Broader consequences of digitalisation
- Artificial intelligence (AI) systems have the power to create an array of opportunities for European society and the economy, but they also pose new challenges. The increasing use of AI in every aspect of people’s lives requires reflection on its ethical implications and the assessment of potential risks, such as algorithmic gender bias and discrimination. The lack of gender diversity in the development of AI technologies and the quality of the data used in algorithms are the key risk factors for potential biases and unfair treatment.
- Sexual harassment in the workplace is sadly a common experience for women in the EU. This form of gender-based violence is now increasingly mediated by digital technologies and affecting women’s working lives in dramatic ways. Women public figures are particularly targeted, especially on social media, as a strategy to silence them and undermine their authority. Women platform workers are exposed to abuse and violence from users of platform services. Such abuse often stems from a situation of ‘information asymmetry’ between workers and users resulting from the platform’s design and terms of service. On the one hand, these platforms give users access to a high volume of private information on the worker (e.g. including age, gender, location and photograph); on the other hand, they restrict the information accessible to the worker, which can limit their ability to assess the safety of a ‘gig’ before accepting it.

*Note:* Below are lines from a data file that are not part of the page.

(* For sign compatible weights lam, the weighted sum of the entries of A x is
   at least L times the weighted sum of the off-diagonal pair sums, sum_{j \<noteq> i} (x_i + x_j):
   the diagonal excesses contribute nonnegatively, and after symmetrising, every off-diagonal
   term is a nonnegative quantity multiplied by A_ij \<ge> L. *)
lemma weighted_row_sum_lower_bound:
  fixes A :: "real^'n^'n" and x :: "real^'n"
  assumes sym: "\<And>i j. A $ i $ j = A $ j $ i" and nonneg: "\<And>i j. 0 \<le> A $ i $ j"
    and dd: "\<And>i. 0 \<le> Delta A i" and off_ge: "\<And>i j. i \<noteq> j \<Longrightarrow> L \<le> A $ i $ j"
    and compat: "sign_compatible lam (($) x)"
  shows "L * (\<Sum>i\<in>UNIV. lam i * ((real CARD('n) - 2) * x $ i + (\<Sum>j\<in>UNIV. x $ j)))
    \<le> (\<Sum>i\<in>UNIV. lam i * (A *v x) $ i)"
proof -
  define W where "W i j = x $ i + x $ j" for i j
  have W_sym: "W i j = W j i" for i j by (simp add: W_def add.commute)
  have "2 * (\<Sum>i\<in>UNIV. \<Sum>j\<in>UNIV - {i}. L * W i j * lam i)
      = (\<Sum>i\<in>UNIV. \<Sum>j\<in>UNIV - {i}. L * W i j * (lam i + lam j))"
    by (rule sum_offdiag_symmetrize) (simp add: W_sym)
  also have "\<dots> \<le> (\<Sum>i\<in>UNIV. \<Sum>j\<in>UNIV - {i}. A $ i $ j * W i j * (lam i + lam j))"
  proof (intro sum_mono)
    fix i j :: 'n assume "j \<in> UNIV - {i}"
    then have "0 \<le> W i j * (lam i + lam j)" and "L \<le> A $ i $ j"
      using compat off_ge by (auto simp: sign_compatible_def W_def mult.commute)
    then show "L * W i j * (lam i + lam j) \<le> A $ i $ j * W i j * (lam i + lam j)"
      by (simp add: mult.assoc mult_right_mono)
  qed
  also have "\<dots> = 2 * (\<Sum>i\<in>UNIV. \<Sum>j\<in>UNIV - {i}. A $ i $ j * W i j * lam i)"
    by (rule sum_offdiag_symmetrize[symmetric]) (simp add: sym W_sym)
  finally have off_diag: "(\<Sum>i\<in>UNIV. \<Sum>j\<in>UNIV - {i}. L * W i j * lam i)
      \<le> (\<Sum>i\<in>UNIV. \<Sum>j\<in>UNIV - {i}. A $ i $ j * W i j * lam i)"
    by simp
  have diag: "0 \<le> (\<Sum>i\<in>UNIV. Delta A i * (lam i * x $ i))"
    using compat by (intro sum_nonneg mult_nonneg_nonneg[OF dd]) (auto simp: sign_compatible_def)
  have "L * (\<Sum>i\<in>UNIV. lam i * ((real CARD('n) - 2) * x $ i + (\<Sum>j\<in>UNIV. x $ j)))
      = (\<Sum>i\<in>UNIV. \<Sum>j\<in>UNIV - {i}. L * W i j * lam i)"
  proof -
    have "(\<Sum>j\<in>UNIV - {i}. L * W i j * lam i) = L * lam i * (\<Sum>j\<in>UNIV - {i}. W i j)" for i
      by (simp add: sum_distrib_left mult_ac)
    then show ?thesis
      by (simp add: W_def sum_offdiag_pair_sums sum_distrib_left mult_ac)
  qed
  also have "\<dots> \<le> (\<Sum>i\<in>UNIV. Delta A i * (lam i * x $ i))
      + (\<Sum>i\<in>UNIV. \<Sum>j\<in>UNIV - {i}. A $ i $ j * W i j * lam i)"
    using off_diag diag by linarith
  also have "\<dots> = (\<Sum>i\<in>UNIV. lam i * (A *v x) $ i)"
    unfolding sum.distrib[symmetric]
    by (intro sum.cong refl) (simp add: row_decomposition[OF nonneg] W_def algebra_simps sum_distrib_left)
  finally show ?thesis .
qed

definition sign_test :: "'a set \<Rightarrow> 'a set \<Rightarrow> 'a \<Rightarrow> real" where
  "sign_test P N i = (if i \<in> P then 1 else if i \<in> N then -1 else 0)"

definition top_signed :: "('a \<Rightarrow> real) \<Rightarrow> 'a set \<Rightarrow> 'a set \<Rightarrow> bool" where
  "top_signed u P N \<longleftrightarrow> P \<inter> N = {} \<and> (\<forall>i\<in>P. 0 \<le> u i) \<and> (\<forall>i\<in>N. u i \<le> 0) \<and>
     (\<forall>i\<in>P \<union> N. \<forall>j. j \<notin> P \<union> N \<longrightarrow> \<bar>u j\<bar> \<le> \<bar>u i\<bar>)"

lemma top_signed_scale:
  assumes "0 < c"
  shows "top_signed (\<lambda>i. c * u i) P N \<longleftrightarrow> top_signed u P N"
  using assms by (simp add: top_signed_def abs_mult zero_le_mult_iff mult_le_0_iff)

lemma sign_test_compatible:
  assumes "top_signed u P N"
  shows "sign_compatible (sign_test P N) u"
  unfolding sign_compatible_def
proof (intro conjI allI impI)
  have disj: "P \<inter> N = {}" and P_nonneg: "\<And>i. i \<in> P \<Longrightarrow> 0 \<le> u i"
    and N_nonpos: "\<And>i. i \<in> N \<Longrightarrow> u i \<le> 0"
    and top: "\<And>i j. i \<in> P \<union> N \<Longrightarrow> j \<notin> P \<union> N \<Longrightarrow> \<bar>u j\<bar> \<le> \<bar>u i\<bar>"
    using assms by (auto simp: top_signed_def)
  show "0 \<le> sign_test P N i * u i" for i
    using disj P_nonneg N_nonpos by (auto simp: sign_test_def)
  show "0 \<le> (sign_test P N i + sign_test P N j) * (u i + u j)" for i j
    using disj P_nonneg[of i] P_nonneg[of j] N_nonpos[of i] N_nonpos[of j] top[of i j] top[of j i]
    by (cases "i \<in> N"; cases "j \<in> N"; auto simp: sign_test_def abs_if split: if_splits)
qed

lemma sum_sign_test:
  fixes P N :: "'a::finite set"
  assumes "P \<inter> N = {}"
  shows "(\<Sum>i\<in>UNIV. sign_test P N i * f i) = sum f P - sum f N"
proof -
  have "(\<Sum>i\<in>UNIV. sign_test P N i * f i)
      = (\<Sum>i\<in>UNIV. (if i \<in> P then f i else 0) - (if i \<in> N then f i else 0))"
    using assms by (intro sum.cong) (auto simp: sign_test_def)
  then show ?thesis
    by (simp add: sum_subtractf flip: sum.inter_restrict)
qed

lemma sum_abs_sign_test:
  fixes P N :: "'a::finite set"
  assumes "P \<inter> N = {}"
  shows "(\<Sum>i\<in>UNIV. \<bar>sign_test P N i\<bar>) = real (card P) + real (card N)"
proof -
  have "(\<Sum>i\<in>UNIV. \<bar>sign_test P N i\<bar>)
      = (\<Sum>i\<in>UNIV. (if i \<in> P then 1 else 0) + (if i \<in> N then 1 else 0))"
    using assms by (intro sum.cong) (auto simp: sign_test_def)
  then show ?thesis
    by (simp add: sum.distrib flip: sum.inter_restrict)
qed

lemma bounded_solution_test:
  fixes A :: "real^'n^'n" and y :: "real^'n"
  assumes sym: "\<And>i j. A $ i $ j = A $ j $ i" and nonneg: "\<And>i j. 0 \<le> A $ i $ j"
    and dd: "\<And>i. 0 \<le> Delta A i" and off_ge: "\<And>i j. i \<noteq> j \<Longrightarrow> L \<le> A $ i $ j"
    and bounded: "\<And>i. \<bar>(A *v y) $ i\<bar> \<le> 1"
    and top: "top_signed (($) y) P N"
  shows "L * ((real CARD('n) - 2) * (sum (($) y) P - sum (($) y) N)
      + (\<Sum>j\<in>UNIV. y $ j) * (real (card P) - real (card N))) \<le> real (card P) + real (card N)"
proof -
  have disj: "P \<inter> N = {}"
    using top by (simp add: top_signed_def)
  have "(\<Sum>i\<in>UNIV. sign_test P N i * ((real CARD('n) - 2) * y $ i + (\<Sum>j\<in>UNIV. y $ j)))
      = (real CARD('n) - 2) * (sum (($) y) P - sum (($) y) N)
        + (\<Sum>j\<in>UNIV. y $ j) * (real (card P) - real (card N))"
  proof -
    have affine: "(\<Sum>i\<in>Q. (real CARD('n) - 2) * y $ i + (\<Sum>j\<in>UNIV. y $ j))
        = (real CARD('n) - 2) * sum (($) y) Q + (\<Sum>j\<in>UNIV. y $ j) * real (card Q)" for Q
      by (simp add: sum.distrib flip: sum_distrib_left)
    show ?thesis
      unfolding sum_sign_test[OF disj] affine by (simp add: algebra_simps)
  qed
  moreover have "L * (\<Sum>i\<in>UNIV. sign_test P N i * ((real CARD('n) - 2) * y $ i + (\<Sum>j\<in>UNIV. y $ j)))
      \<le> (\<Sum>i\<in>UNIV. sign_test P N i * (A *v y) $ i)"
    by (rule weighted_row_sum_lower_bound[OF sym nonneg dd off_ge sign_test_compatible[OF top]])
  moreover have "\<dots> \<le> (\<Sum>i\<in>UNIV. \<bar>sign_test P N i\<bar>)"
  proof (rule sum_mono)
    fix i
    have "sign_test P N i * (A *v y) $ i \<le> \<bar>sign_test P N i\<bar> * \<bar>(A *v y) $ i\<bar>"
      by (simp add: abs_mult[symmetric])
    also have "\<dots> \<le> \<bar>sign_test P N i\<bar>"
      using bounded[of i] by (simp add: mult_left_le)
    finally show "sign_test P N i * (A *v y) $ i \<le> \<bar>sign_test P N i\<bar>" .
  qed
  ultimately show ?thesis
    by (simp add: sum_abs_sign_test[OF disj])
qed

lemma sum_ge_point_plus_rest:
  fixes f :: "'a \<Rightarrow> real"
  assumes "finite P" "p \<in> P" "\<And>i. i \<in> P \<Longrightarrow> c \<le> f i"
  shows "f p + (real (card P) - 1) * c \<le> sum f P"
proof -
  have "1 \<le> card P"
    using assms(1,2) by (auto simp: card_gt_0_iff Suc_le_eq)
  then have card_rest: "real (card (P - {p})) = real (card P) - 1"
    using assms(2) by (simp add: card_Diff_singleton of_nat_diff[symmetric])
  have "real (card (P - {p})) * c \<le> sum f (P - {p})"
    using assms(3) by (intro sum_bounded_below) auto
  then have "(real (card P) - 1) * c \<le> sum f (P - {p})"
    unfolding card_rest .
  then show ?thesis
    using assms(1,2) by (simp add: sum.remove)
qed

(* The arithmetic that closes all cases: a constraint 2t + 2s(h - 2) \<le> h together with
   t - 1 \<le> s gives t \<le> (3h - 4)/(2h - 2), which is monotone in h. *)
lemma ratio_bound:
  fixes t s h n :: real
  assumes "2 \<le> h" "h \<le> n" "t - 1 \<le> s" "2 * t + 2 * s * (h - 2) \<le> h"
  shows "t \<le> (3 * n - 4) / (2 * n - 2)"
proof -
  have "(t - 1) * (h - 2) \<le> s * (h - 2)"
    using assms by (intro mult_right_mono) auto
  then have "t * (2 * h - 2) \<le> 3 * h - 4"
    using assms(4) by (simp add: algebra_simps)
  then have "t \<le> (3 * h - 4) / (2 * h - 2)"
    using assms(1) by (simp add: pos_le_divide_eq)
  also have "\<dots> \<le> (3 * n - 4) / (2 * n - 2)"
    using assms(1,2) by (simp add: frac_le_eq field_simps)
  finally show ?thesis .
qed

(* Throughout this context u plays the role of L times a solution y of |A y| \<le> 1, p indexes an
   entry of maximal modulus, which is nonnegative, and set_test is the constraint of
   bounded_solution_test; m = n - 2 and s = -(sum of all u). *)
context
  fixes u :: "'n::finite \<Rightarrow> real" and p :: 'n
  assumes card_ge_3: "3 \<le> CARD('n)"
    and u_p_max: "\<And>i. \<bar>u i\<bar> \<le> u p"
    and set_test: "\<And>P N. top_signed u P N \<Longrightarrow>
      (real CARD('n) - 2) * (sum u P - sum u N) + sum u UNIV * (real (card P) - real (card N))
        \<le> real (card P) + real (card N)"
begin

- The number of women and men needing long-term care is bound to increase, given the ageing population and increasing life expectancy across the EU. To contain costs and sustain the pressure of the growing number of patients, countries aim to promote independent living in any care setting (residential, home or community-based) together with greater use of ad hoc technological solutions (i.e. assistive technology, gerontechnology). Such technologies enable personalised interventions based on data collected from the environment or directly from the care recipient, and to some extent alleviate the caregiver burden.